▶ [What to produce]: Your response must be made up of each line in the data below that contains the string "unit".

▶ [Data to process]:
definition Lp_loc_conv :: "(real^'n::finite \<Rightarrow> real) \<Rightarrow> (real^'n \<Rightarrow> complex) \<Rightarrow>
     (nat \<Rightarrow> real^'n \<Rightarrow> complex) \<Rightarrow> bool" where
  "Lp_loc_conv p f S \<longleftrightarrow> (\<forall>K. compact K \<longrightarrow>
     (\<forall>N. Lp_mem p (\<lambda>x. indicator K x * (f x - S N x))) \<and>
     (\<lambda>N. Lp_norm p (\<lambda>x. indicator K x * (f x - S N x))) \<longlonglongrightarrow> 0)"

definition Zn :: "(real^'n::finite) set" where
  "Zn = {k. \<forall>i. k $ i \<in> \<int>}"

definition cube :: "real^'n::finite \<Rightarrow> (real^'n) set" where
  "cube k = {x. \<forall>i. k $ i \<le> x $ i \<and> x $ i < k $ i + 1}"

definition lr_mem :: "ereal \<Rightarrow> ('k \<Rightarrow> real) \<Rightarrow> 'k set \<Rightarrow> bool" where
  "lr_mem r a I = (if r = \<infinity> then bdd_above (a ` I)
                   else (\<lambda>k. a k powr real_of_ereal r) summable_on I)"

definition lr_norm :: "ereal \<Rightarrow> ('k \<Rightarrow> real) \<Rightarrow> 'k set \<Rightarrow> real" where
  "lr_norm r a I = (if r = \<infinity> then (SUP k\<in>I. a k)
                   else (infsum (\<lambda>k. a k powr real_of_ereal r) I) powr (1 / real_of_ereal r))"

definition amalgam_mem :: "(real^'n::finite \<Rightarrow> real) \<Rightarrow> ereal \<Rightarrow> (real^'n \<Rightarrow> complex) \<Rightarrow> bool" where
  "amalgam_mem p q f \<longleftrightarrow> Lp_loc p f \<and>
     (\<forall>k\<in>Zn. Lp_mem p (\<lambda>x. indicator (cube k) x * f x)) \<and>
     lr_mem q (\<lambda>k. Lp_norm p (\<lambda>x. indicator (cube k) x * f x)) Zn"

definition amalgam_norm :: "(real^'n::finite \<Rightarrow> real) \<Rightarrow> ereal \<Rightarrow> (real^'n \<Rightarrow> complex) \<Rightarrow> real" where
  "amalgam_norm p q f = lr_norm q (\<lambda>k. Lp_norm p (\<lambda>x. indicator (cube k) x * f x)) Zn"

definition dilate :: "ereal \<Rightarrow> real \<Rightarrow> (real^'n::finite \<Rightarrow> complex) \<Rightarrow> real^'n \<Rightarrow> complex" where
  "dilate a r f = (\<lambda>x. of_real (r powr (- (if a = \<infinity> then 0
        else real CARD('n) / real_of_ereal a))) * f ((1 / r) *\<^sub>R x))"

definition is_decomp :: "(real^'n::finite \<Rightarrow> real) \<Rightarrow> ereal \<Rightarrow> ereal \<Rightarrow> (real^'n \<Rightarrow> complex) \<Rightarrow>
    (nat \<Rightarrow> complex) \<Rightarrow> (nat \<Rightarrow> real) \<Rightarrow> (nat \<Rightarrow> real^'n \<Rightarrow> complex) \<Rightarrow> bool" where
  "is_decomp p q a f c r g \<longleftrightarrow>
     (\<forall>j. 0 < r j \<and> amalgam_mem p q (g j) \<and> amalgam_norm p q (g j) \<le> 1) \<and>
     summable (\<lambda>j. norm (c j)) \<and>
     Lp_loc_conv p f (\<lambda>N x. \<Sum>j<N. c j * dilate a (r j) (g j) x)"

text \<open>H(p,q,a) (used with p = p', q = q', a = alpha'); local integrability and convergence
  are taken with respect to the exponent p of the building blocks.\<close>
definition Hsp :: "(real^'n::finite \<Rightarrow> real) \<Rightarrow> ereal \<Rightarrow> ereal \<Rightarrow> (real^'n \<Rightarrow> complex) set" where
  "Hsp p q a = {f. Lp_loc p f \<and> (\<exists>c r g. is_decomp p q a f c r g)}"

definition Hnorm :: "(real^'n::finite \<Rightarrow> real) \<Rightarrow> ereal \<Rightarrow> ereal \<Rightarrow> (real^'n \<Rightarrow> complex) \<Rightarrow> real" where
  "Hnorm p q a f = Inf {(\<Sum>j. norm (c j)) | c r g. is_decomp p q a f c r g}"

end

theory Submission
  imports Defs
begin

text \<open>
  Since ess inf p > 1 and p \<le> \<alpha> \<le> q, the outer exponent q' is finite, so membership in the
  amalgam space is a summability condition over the unit cubes; it is preserved under sums
  because convexity of t \<mapsto> t^p'(x) gives the Luxemburg norm the quasi-triangle inequality
  ||f + g|| \<le> 2 max(||f||, ||g||). An amalgam function is a one-term decomposition of itself.
  For density, take f = \<Sum> c_j St_{r_j} f_j in H and cut f off outside a large cube B.
  The truncation meets only finitely many unit cubes, so it lies in the amalgam space, and the
  remainder is \<Sum> c_j St_{r_j} g_j with g_j the restriction of f_j to the complement of B/r_j.
  As B grows, each ||g_j|| tends to 0 (again because q' < \<infinity>) while staying below 1, so
  \<Sum> |c_j| ||g_j|| \<rightarrow> 0 by Tannery's theorem. Normalising g_j by ||g_j|| + \<eta> then
  decomposes the remainder with coefficient sum \<Sum> |c_j| (||g_j|| + \<eta>), which is small.
\<close>

section \<open>The Luxemburg norm\<close>

definition luxemburg_scales :: "(real^'n::finite \<Rightarrow> real) \<Rightarrow> (real^'n \<Rightarrow> complex) \<Rightarrow> real set" where
  "luxemburg_scales P f = {t. 0 < t \<and> modular P (\<lambda>x. f x / of_real t) \<le> 1}"

lemma Lp_mem_iff_luxemburg_scales:
  "Lp_mem P f \<longleftrightarrow> f \<in> borel_measurable lebesgue \<and> luxemburg_scales P f \<noteq> {}"
  by (auto simp: Lp_mem_def luxemburg_scales_def)

lemma Lp_norm_eq_Inf_luxemburg_scales: "Lp_norm P f = Inf (luxemburg_scales P f)"
  by (simp add: Lp_norm_def luxemburg_scales_def)

lemma bdd_below_luxemburg_scales: "bdd_below (luxemburg_scales P f)"
  by (rule bdd_belowI[of _ 0]) (simp add: luxemburg_scales_def)

lemma Lp_norm_le_luxemburg_scale: "t \<in> luxemburg_scales P f \<Longrightarrow> Lp_norm P f \<le> t"
  unfolding Lp_norm_eq_Inf_luxemburg_scales by (rule cInf_lower[OF _ bdd_below_luxemburg_scales])

lemma Lp_norm_nonneg: "Lp_mem P f \<Longrightarrow> 0 \<le> Lp_norm P f"
  unfolding Lp_mem_iff_luxemburg_scales Lp_norm_eq_Inf_luxemburg_scales
  by (intro cInf_greatest) (auto simp: luxemburg_scales_def)

lemma Lp_mem_vanishing:
  assumes "\<And>x. f x = 0"
  shows "Lp_mem P f" and "Lp_norm P f = 0"
proof -
  have "f = (\<lambda>x. 0)" using assms by auto
  moreover have "luxemburg_scales P (\<lambda>x. 0) = {0<..}"
    by (auto simp: luxemburg_scales_def modular_def)
  ultimately show "Lp_mem P f" "Lp_norm P f = 0"
    by (auto simp: Lp_mem_iff_luxemburg_scales Lp_norm_eq_Inf_luxemburg_scales)
qed

context
  fixes P :: "real^'n::finite \<Rightarrow> real"
  assumes P_nonneg: "\<And>x. 0 \<le> P x"
begin

lemma modular_mono:
  assumes "\<And>x. norm (g x) \<le> norm (f x)"
  shows "modular P g \<le> modular P f"
  unfolding modular_def
  by (intro nn_integral_mono ennreal_leI powr_mono2 P_nonneg norm_ge_zero assms)

lemma modular_le_one_if_Lp_norm_less:
  assumes f: "Lp_mem P f" and s: "Lp_norm P f < s"
  shows "modular P (\<lambda>x. f x / of_real s) \<le> 1"
proof -
  obtain t where t: "t \<in> luxemburg_scales P f" "t < s"
    using f s cInf_lessD
    by (auto simp: Lp_mem_iff_luxemburg_scales Lp_norm_eq_Inf_luxemburg_scales)
  then have "modular P (\<lambda>x. f x / of_real s) \<le> modular P (\<lambda>x. f x / of_real t)"
    by (intro modular_mono) (simp add: luxemburg_scales_def norm_divide divide_left_mono)
  also have "\<dots> \<le> 1" using t(1) by (simp add: luxemburg_scales_def)
  finally show ?thesis .
qed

▶ [Task solution]:
  amalgam space is a summability condition over the unit cubes; it is preserved under sums
  The truncation meets only finitely many unit cubes, so it lies in the amalgam space, and the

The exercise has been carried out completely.